My father is carrying heavy, worn boxes of dishes, pots, pans and silverware back and forth from some deep back room closet in our flat. Both of my grandmothers and my mother are battling for their territory in the kitchen. An enormous silver thing gets clamped onto the counter top that morphs fish into gefilte fish in one grind. “Don’t get near it, you’ll hurt yourself!”

Not to worry.

The smell of Bon Ami and Mr. Clean mingle with the heady smells of chicken soup simmering, chicken livers broiling, brisket roasting and carp with lots of garlic baking in the oven. 

Newspapers are everywhere, covering freshly waxed floors and wooden boards cover the counters.

“Don’t even think of opening that cabinet!” (How did she know?)

A mysterious pot on a foil-lined shelf in the fridge covered with a lid and a towel.

I’m home from school watching the chaos of my family get ready for Passover and I am clearly in the way. 

I am bored.

I have already broken in my new Pesach patent leather shoes with the strap that goes in the front and can swivel to the back so when my mother isn’t looking I can look more sophisticated. I have already eaten an entire box of Horowitz-Margareten chocolate covered matzah secretly in my bedroom and Pesach hasn’t even begun - wait till they find out. I have already finished my library books that were supposed to last for eight days. My mother wants me to clean chometz out of my room and I am not interested.

I need to know everything.

I open the refrigerator and lift the lid and see this horrible stuff.

I shriek, drop the lid on the floor and my Bubby comes running with that worried, irritated, what have you gotten into now look on her face.

“What is this?!” I holler in English. “Lingen un layber” she answers in Yiddish….like I am foolish. “What are you doing with lungs and liver?” 

She explains that once they’re all broiled, chopped up, sautéed with onions and garlic this is what goes inside the Pesach knishes.  I am traumatized and vow to her that I will never eat another Pesach knish. Bubby looks like I’ve injured her personally.

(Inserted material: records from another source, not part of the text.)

lemma bounded_op_complete:
  assumes bounded: "\<And>n. bounded_op (T n)"
    and Cauchy: "\<And>\<epsilon>. \<epsilon> > 0 \<Longrightarrow> \<exists>N. \<forall>m\<ge>N. \<forall>n\<ge>N. opnorm (op_diff (T m) (T n)) < \<epsilon>"
  obtains L where "bounded_op L" "(\<lambda>n. opnorm (op_diff (T n) L)) \<longlonglongrightarrow> 0"
proof -
  define L :: "'a op" where "L \<xi> h = lim (\<lambda>n. T n \<xi> h)" for \<xi> h
  have lim: "(\<lambda>n. T n \<xi> h) \<longlonglongrightarrow> L \<xi> h" if "\<xi> \<in> l2" for \<xi> h
    unfolding L_def convergent_LIMSEQ_iff[symmetric]
    by (rule Cauchy_convergent[OF opnorm_Cauchy_imp_pointwise_Cauchy[OF bounded Cauchy that]])
  have tail: "\<exists>N. \<forall>n\<ge>N. \<forall>\<xi>\<in>l2. op_diff (T n) L \<xi> \<in> l2 \<and> l2norm (op_diff (T n) L \<xi>) \<le> \<epsilon> * l2norm \<xi>"
    if \<epsilon>: "\<epsilon> > 0" for \<epsilon>
  proof -
    obtain N where "\<And>m n. m \<ge> N \<Longrightarrow> n \<ge> N \<Longrightarrow> opnorm (op_diff (T n) (T m)) < \<epsilon>"
      using Cauchy[OF \<epsilon>] by blast
    then show ?thesis
      using l2norm_diff_pointwise_limit_le[OF bounded lim] by (meson less_imp_le)
  qed
  obtain N where N: "\<And>\<xi>. \<xi> \<in> l2 \<Longrightarrow> op_diff (T N) L \<xi> \<in> l2 \<and> l2norm (op_diff (T N) L \<xi>) \<le> 1 * l2norm \<xi>"
    using tail[of 1] by auto
  have "bounded_op (op_diff (T N) L)"
    using N pointwise_limit_linear[OF bounded lim] bounded_op_linearD[OF bounded]
    by (intro bounded_opI[where C=1]) (auto simp: op_diff_def algebra_simps fun_eq_iff)
  moreover have "L = op_diff (T N) (op_diff (T N) L)"
    by (simp add: op_diff_def)
  ultimately have "bounded_op L"
    using bounded_op_diff[OF bounded] by metis
  moreover have "(\<lambda>n. opnorm (op_diff (T n) L)) \<longlonglongrightarrow> 0"
  proof (rule LIMSEQ_I)
    fix \<epsilon> :: real
    assume "\<epsilon> > 0"
    then obtain N where "\<And>n \<xi>. n \<ge> N \<Longrightarrow> \<xi> \<in> l2 \<Longrightarrow> l2norm (op_diff (T n) L \<xi>) \<le> \<epsilon> / 2 * l2norm \<xi>"
      using tail[of "\<epsilon> / 2"] by auto
    then have "opnorm (op_diff (T n) L) \<le> \<epsilon> / 2" if "n \<ge> N" for n
      using that \<open>\<epsilon> > 0\<close> by (intro opnorm_leI) auto
    moreover have "0 \<le> opnorm (op_diff (T n) L)" for n
      by (intro opnorm_nonneg bounded_op_diff bounded \<open>bounded_op L\<close>)
    ultimately have "norm (opnorm (op_diff (T n) L) - 0) < \<epsilon>" if "n \<ge> N" for n
      using that \<open>\<epsilon> > 0\<close> by fastforce
    then show "\<exists>N. \<forall>n\<ge>N. norm (opnorm (op_diff (T n) L) - 0) < \<epsilon>"
      by blast
  qed
  ultimately show thesis
    using that by blast
qed

lemma approximating_sequence:
  fixes e :: "'a \<Rightarrow> real"
  assumes "\<And>\<delta>. \<delta> > 0 \<Longrightarrow> \<exists>a\<in>A. e a < \<delta>"
  shows "\<exists>a :: nat \<Rightarrow> 'a. (\<forall>n. a n \<in> A) \<and> (\<forall>\<delta>>0. \<exists>N. \<forall>n\<ge>N. e (a n) < \<delta>)"
proof -
  have "\<forall>n. \<exists>a\<in>A. e a < inverse (real (Suc n))"
    using assms by simp
  then obtain a where a: "\<And>n. a n \<in> A" "\<And>n. e (a n) < inverse (real (Suc n))"
    by metis
  have "\<forall>\<delta>>0. \<exists>N. \<forall>n\<ge>N. e (a n) < \<delta>"
  proof (intro allI impI)
    fix \<delta> :: real
    assume "\<delta> > 0"
    obtain N where N: "inverse (real (Suc N)) < \<delta>"
      using reals_Archimedean[OF \<open>\<delta> > 0\<close>] by blast
    have "e (a n) < \<delta>" if "n \<ge> N" for n
    proof -
      have "inverse (real (Suc n)) \<le> inverse (real (Suc N))"
        by (rule le_imp_inverse_le) (use that in auto)
      then show ?thesis
        using a(2)[of n] N by linarith
    qed
    then show "\<exists>N. \<forall>n\<ge>N. e (a n) < \<delta>"
      by blast
  qed
  with a(1) show ?thesis
    by blast
qed

lemma bounded_op_limit_along_approximants:
  fixes Q :: "'a \<Rightarrow> 'g op" and e :: "'a \<Rightarrow> real"
  assumes bounded: "\<And>a. a \<in> A \<Longrightarrow> bounded_op (Q a)"
    and approx: "\<And>\<delta>. \<delta> > 0 \<Longrightarrow> \<exists>a\<in>A. e a < \<delta>"
    and Cauchy: "\<And>\<epsilon>. \<epsilon> > 0 \<Longrightarrow>
      \<exists>\<delta>>0. \<forall>a\<in>A. \<forall>b\<in>A. e a < \<delta> \<longrightarrow> e b < \<delta> \<longrightarrow> opnorm (op_diff (Q a) (Q b)) < \<epsilon>"
  obtains T where "bounded_op T"
    and "\<And>\<epsilon>. \<epsilon> > 0 \<Longrightarrow> \<exists>\<delta>>0. \<forall>a\<in>A. e a < \<delta> \<longrightarrow> opnorm (op_diff T (Q a)) < \<epsilon>"
proof -
  obtain a :: "nat \<Rightarrow> 'a" where "\<forall>n. a n \<in> A" "\<forall>\<delta>>0. \<exists>N. \<forall>n\<ge>N. e (a n) < \<delta>"
    using approximating_sequence[OF approx] by blast
  then have a: "\<And>n. a n \<in> A"
    and eventually_close: "\<And>\<delta>. \<delta> > 0 \<Longrightarrow> \<exists>N. \<forall>n\<ge>N. e (a n) < \<delta>"
    by simp_all
  have "\<exists>N. \<forall>m\<ge>N. \<forall>n\<ge>N. opnorm (op_diff (Q (a m)) (Q (a n))) < \<epsilon>" if \<epsilon>: "\<epsilon> > 0" for \<epsilon>
  proof -
    obtain \<delta> where "\<delta> > 0"
      and \<delta>: "\<And>b c. b \<in> A \<Longrightarrow> c \<in> A \<Longrightarrow> e b < \<delta> \<Longrightarrow> e c < \<delta> \<Longrightarrow> opnorm (op_diff (Q b) (Q c)) < \<epsilon>"
      using Cauchy[OF \<epsilon>] by blast
    then show ?thesis
      using eventually_close[OF \<open>\<delta> > 0\<close>] a by metis
  qed
  then obtain L where L: "bounded_op L" "(\<lambda>n. opnorm (op_diff (Q (a n)) L)) \<longlonglongrightarrow> 0"
    using bounded_op_complete[of "\<lambda>n. Q (a n)"] bounded a by blast
  have "\<exists>\<delta>>0. \<forall>b\<in>A. e b < \<delta> \<longrightarrow> opnorm (op_diff L (Q b)) < \<epsilon>" if "\<epsilon> > 0" for \<epsilon>
  proof -
    obtain \<delta> where "\<delta> > 0"
      and \<delta>: "\<And>b c. b \<in> A \<Longrightarrow> c \<in> A \<Longrightarrow> e b < \<delta> \<Longrightarrow> e c < \<delta> \<Longrightarrow> opnorm (op_diff (Q b) (Q c)) < \<epsilon> / 2"
      using Cauchy[of "\<epsilon> / 2"] \<open>\<epsilon> > 0\<close> by auto
    obtain N1 where N1: "\<And>n. n \<ge> N1 \<Longrightarrow> opnorm (op_diff (Q (a n)) L) < \<epsilon> / 2"
      using order_tendstoD(2)[OF L(2), of "\<epsilon> / 2"] \<open>\<epsilon> > 0\<close> by (auto simp: eventually_sequentially)
    obtain N2 where N2: "\<And>n. n \<ge> N2 \<Longrightarrow> e (a n) < \<delta>"
      using eventually_close[OF \<open>\<delta> > 0\<close>] by blast
    define n where "n = max N1 N2"
    have "opnorm (op_diff L (Q b)) < \<epsilon>" if "b \<in> A" "e b < \<delta>" for b
    proof -
      have "opnorm (op_diff L (Q b)) \<le> opnorm (op_diff L (Q (a n))) + opnorm (op_diff (Q (a n)) (Q b))"
        using bounded a that L(1) by (intro opnorm_diff_triangle) auto
      also have "\<dots> < \<epsilon> / 2 + \<epsilon> / 2"
        using N1[of n] N2[of n] \<delta>[OF a that(1)] that(2) opnorm_diff_commute[of L]
        by (intro add_strict_mono) (auto simp: n_def)
      finally show ?thesis
        by simp
    qed
    then show ?thesis
      using \<open>\<delta> > 0\<close> by blast
  qed
  then show thesis
    using that L(1) by blast
qed

section \<open>The twisted group algebra\<close>

lemma cocycle2_norm: "cocycle2 \<sigma> \<Longrightarrow> cmod (\<sigma> g h) = 1"
  unfolding cocycle2_def by blast

lemma Lambda_isometry:
  assumes \<sigma>: "cocycle2 \<sigma>" and \<xi>: "\<xi> \<in> l2"
  shows "Lambda \<sigma> g \<xi> \<in> l2 \<and> l2norm (Lambda \<sigma> g \<xi>) = l2norm \<xi>"
proof -
  have square: "(\<lambda>h. (cmod (Lambda \<sigma> g \<xi> h))\<^sup>2) = (\<lambda>h. (\<lambda>k. (cmod (\<xi> k))\<^sup>2) (inverse g * h))"
    by (simp add: Lambda_def norm_mult cocycle2_norm[OF \<sigma>])
  have "(\<lambda>h. (cmod (\<xi> h))\<^sup>2) summable_on UNIV"
    using \<xi> by (simp add: l2_def)
  then have "(\<lambda>h. (cmod (Lambda \<sigma> g \<xi> h))\<^sup>2) summable_on UNIV"
    unfolding square
    using summable_on_reindex_bij_betw[OF bij_inverse_mult_left, of "\<lambda>k. (cmod (\<xi> k))\<^sup>2" g] by simp
  moreover have "(\<Sum>\<^sub>\<infinity>h. (cmod (Lambda \<sigma> g \<xi> h))\<^sup>2) = (\<Sum>\<^sub>\<infinity>h. (cmod (\<xi> h))\<^sup>2)"
    unfolding square
    using infsum_reindex_bij_betw[OF bij_inverse_mult_left, of "\<lambda>k. (cmod (\<xi> k))\<^sup>2" g] by simp
  ultimately show ?thesis
    by (simp add: l2_def l2norm_def)
qed

lemma lincomb_l2:
  assumes \<sigma>: "cocycle2 \<sigma>" and \<xi>: "\<xi> \<in> l2" and "finite F"
  shows "lincomb \<sigma> c F \<xi> \<in> l2 \<and> l2norm (lincomb \<sigma> c F \<xi>) \<le> (\<Sum>g\<in>F. cmod (c g)) * l2norm \<xi>"
  using \<open>finite F\<close>
proof (induction F)
  case empty
  then show ?case
    by (simp add: lincomb_def l2_zero l2norm_zero)
next
  case (insert g F)
  have "lincomb \<sigma> c (insert g F) \<xi> = (\<lambda>h. c g * Lambda \<sigma> g \<xi> h + 1 * lincomb \<sigma> c F \<xi> h)"
    using insert by (simp add: lincomb_def)
  then have "lincomb \<sigma> c (insert g F) \<xi> \<in> l2 \<and> l2norm (lincomb \<sigma> c (insert g F) \<xi>)
      \<le> cmod (c g) * l2norm (Lambda \<sigma> g \<xi>) + cmod 1 * l2norm (lincomb \<sigma> c F \<xi>)"
    using l2_linear_combination Lambda_isometry[OF \<sigma> \<xi>] insert.IH by metis
  then show ?case
    using insert Lambda_isometry[OF \<sigma> \<xi>, of g] by (auto simp: distrib_right)
qed

lemma lincomb_linear:
  "lincomb \<sigma> c F (\<lambda>h. a * \<xi> h + b * \<eta> h) = (\<lambda>h. a * lincomb \<sigma> c F \<xi> h + b * lincomb \<sigma> c F \<eta> h)"
  by (simp add: lincomb_def Lambda_def sum_distrib_left sum.distrib algebra_simps)

lemma bounded_op_lincomb: "cocycle2 \<sigma> \<Longrightarrow> finite F \<Longrightarrow> bounded_op (lincomb \<sigma> c F)"
  by (rule bounded_opI[where C="\<Sum>g\<in>F. cmod (c g)"]) (auto simp: lincomb_l2 lincomb_linear)

lemma opnorm_lincomb_le: "cocycle2 \<sigma> \<Longrightarrow> finite F \<Longrightarrow> opnorm (lincomb \<sigma> c F) \<le> (\<Sum>g\<in>F. cmod (c g))"
  by (rule opnorm_leI) (auto simp: lincomb_l2 sum_nonneg)

lemma lincomb_cong: "(\<And>g. g \<in> F \<Longrightarrow> c g = d g) \<Longrightarrow> lincomb \<sigma> c F = lincomb \<sigma> d F"
  unfolding lincomb_def by (simp cong: sum.cong)

lemma lincomb_mono_neutral:
  assumes "finite E" "F \<subseteq> E"
  shows "lincomb \<sigma> c F = lincomb \<sigma> (\<lambda>g. if g \<in> F then c g else 0) E"
  unfolding lincomb_def by (intro ext sum.mono_neutral_cong_left) (use assms in auto)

Soon the house will be gleaming, aunts and cousins will arrive in dresses bought for yontif bearing flowers, wine and family gossip. The men return from shul, they look longingly at the radio wondering what the score is in the Stanley Cup playoffs. The table is set with the same yellow and red Haggadah (which I learn years later is simultaneously being read even in The United States!). I ask my grandparents how they ever knew when yontif began if they had no bank calendar in Rumania and Poland. They shrug “we just knew.”

The sun sets, the familiar sets in, dusted up from a year ago, carefully taken out of a treasured place. The songs and tunes we all know, the usual fight about who’s the youngest - it’s always my sister, the contest about whose horseradish is stronger, the chance for my Zaideh [the foreman in a paper box company] to shine…and for my Bubby to occasionally correct him. She can’t help it.

Maror..koraych…shulchan oraych…then we eat. 

My vow I made is long forgotten - Pesach knishes are part of the whole experience, but I still close my eyes while eating them.